Peru’s recent surge in public investment has produced record-breaking figures, yet underlying structural distortions continue to undermine the efficiency, predictability and credibility of the state’s financial management.
Between January and November 2025, the Ministry of Economy and Finance (MEF) executed PEN49.168bn ($14.6bn) in public investment—the highest level in a decade. However, this accelerated spending sits atop a system whose failures have persisted for more than a decade, revealed most starkly by the scale of unfinished and abandoned projects.
The magnitude of the problem is reflected in the latest World Bank’s Public Finance Review, presented in Lima. The institution estimates that the value of public projects already abandoned represents 17.3% of GDP, over three times the total investment executed in 2024.
Furthermore, 65,000 projects have remained paralysed or abandoned as of June 2023, a pattern that emerged after the replacement of the former SNIP system with Invierte.pe in 2016 and intensified with subsequent regulatory relaxations in 2019.
Project creation became so permissive that, as World Bank economist Antonio Cusato explained, it is possible to declare a project viable and begin spending within a single month.
This permissiveness has created a portfolio far larger than the state can realistically handle. Cusato noted that Peru currently holds around PEN120bn ($35.6bn) in unexecuted balances for projects already underway, despite an annual investment capacity of roughly PEN40bn ($11.9bn).
As El Comercio reported, completing only the ongoing portfolio would require several years of investment budgets, even without adding a single new initiative. Yet more than 80% of new projects introduced between 2012 and 2023 were incorporated after the national budget had been approved, bypassing established planning procedures.
The consequences are visible across oversight indicators. Data compiled by Gestión show that 41% of active projects with modified institutional budgets failed to report physical progress in 2025, an increase from the previous year.
Cost overruns remain pervasive: nearly 14,000 projects registered updated costs averaging 119% above their original approved budgets. Delays are significant as well, with more than 11,000 projects accumulating an average of 698 days of lag.
Meanwhile, the congressional practice of inserting supplementary directives into the annual budget has eroded fiscal predictability. El Comercio reported that in the 2025 budget cycle, Congress added 120 such provisions—its highest intervention in 15 years—shifting roughly PEN1.4bn ($416mn) towards payroll while cutting PEN1.8bn ($534.5mn) from investment. This has contributed to the increasing rigidity of public spending and diminished the MEF’s traditional role as steward of fiscal discipline.

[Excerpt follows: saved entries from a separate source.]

lemma SK_eq_boundaries: "j < d \<Longrightarrow> SK n d j = dlin ` Xsp n d (Suc j)"
  using boundaries_are_cycles cycles_are_boundaries by (rule subset_antisym[rotated])

theorem proposition7p2:
  fixes n d :: nat
  shows "SK n d d = Lam n d
    \<and> {S \<in> Xsp n d d. dlin S = {}} = Lam n d
    \<and> SK n 1 0 = {{}}
    \<and> SK n 2 1 = Xsp n 2 1
    \<and> SK n 3 2 = Xsp n 3 2
    \<and> (1 \<le> d \<longrightarrow> SK n d (d - 1) = dlin ` Xsp n d d)
    \<and> (\<forall>i. i + 1 < d \<longrightarrow>
          SK n d i = dlin ` Xsp n d (Suc i)
        \<and> {S \<in> Xsp n d (Suc i). dlin S = {}} = dlin ` Xsp n d (i + 2)
        \<and> dlin ` Xsp n d (Suc i) = SK n d i)"
proof (intro conjI impI allI)
  show top: "SK n d d = Lam n d"
    by (rule SK_top)
  then show "{S \<in> Xsp n d d. dlin S = {}} = Lam n d"
    by (simp add: SK_def)
  show "SK n 1 0 = {{}}"
    using Bas_deg_zero[of 1 n] by (auto simp: SK_def Xsp_def dlin_eq_f2_sum)
  show "SK n 2 1 = Xsp n 2 1"
    using SK_eq_Xsp_if_Bas_empty[OF Bas_deg_zero[of 2 n]] by simp
  show "SK n 3 2 = Xsp n 3 2"
    using SK_eq_Xsp_if_Bas_empty[OF Bas_3_1] by (simp add: numeral_2_eq_2)
  show "SK n d (d - 1) = dlin ` Xsp n d d" if "1 \<le> d"
    using SK_eq_boundaries[of "d - 1" d n] that by simp
  fix i
  assume "i + 1 < d"
  then have "SK n d i = dlin ` Xsp n d (Suc i)" "SK n d (Suc i) = dlin ` Xsp n d (i + 2)"
    using SK_eq_boundaries[of i d n] SK_eq_boundaries[of "Suc i" d n] by (simp_all add: numeral_2_eq_2)
  then show "SK n d i = dlin ` Xsp n d (Suc i)" "dlin ` Xsp n d (Suc i) = SK n d i"
    and "{S \<in> Xsp n d (Suc i). dlin S = {}} = dlin ` Xsp n d (i + 2)"
    unfolding SK_def by simp_all
qed

end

Despite Peru’s historically low public debt relative to the region, the World Bank warns that declining financial assets—particularly the Fiscal Stabilisation Fund—combined with persistent deficits and politically-driven spending pose rising fiscal risks.
The report also points to weaknesses in tax collection: although Peru’s statutory income tax rates exceed those of many regional peers, revenue remains among the lowest in Latin America due to high informality, exemptions and structural complexities.
Even as authorities celebrate record execution figures, the broader system remains plagued by misaligned incentives, weak supervision and politicised budgeting. As Peru approaches an electoral year with the 2026 public budget already approved, the underlying message from international observers is clear: without rebuilding the institutional links between planning, budgeting and execution, higher spending alone will not resolve the deep inefficiencies shaping the country’s public investment landscape.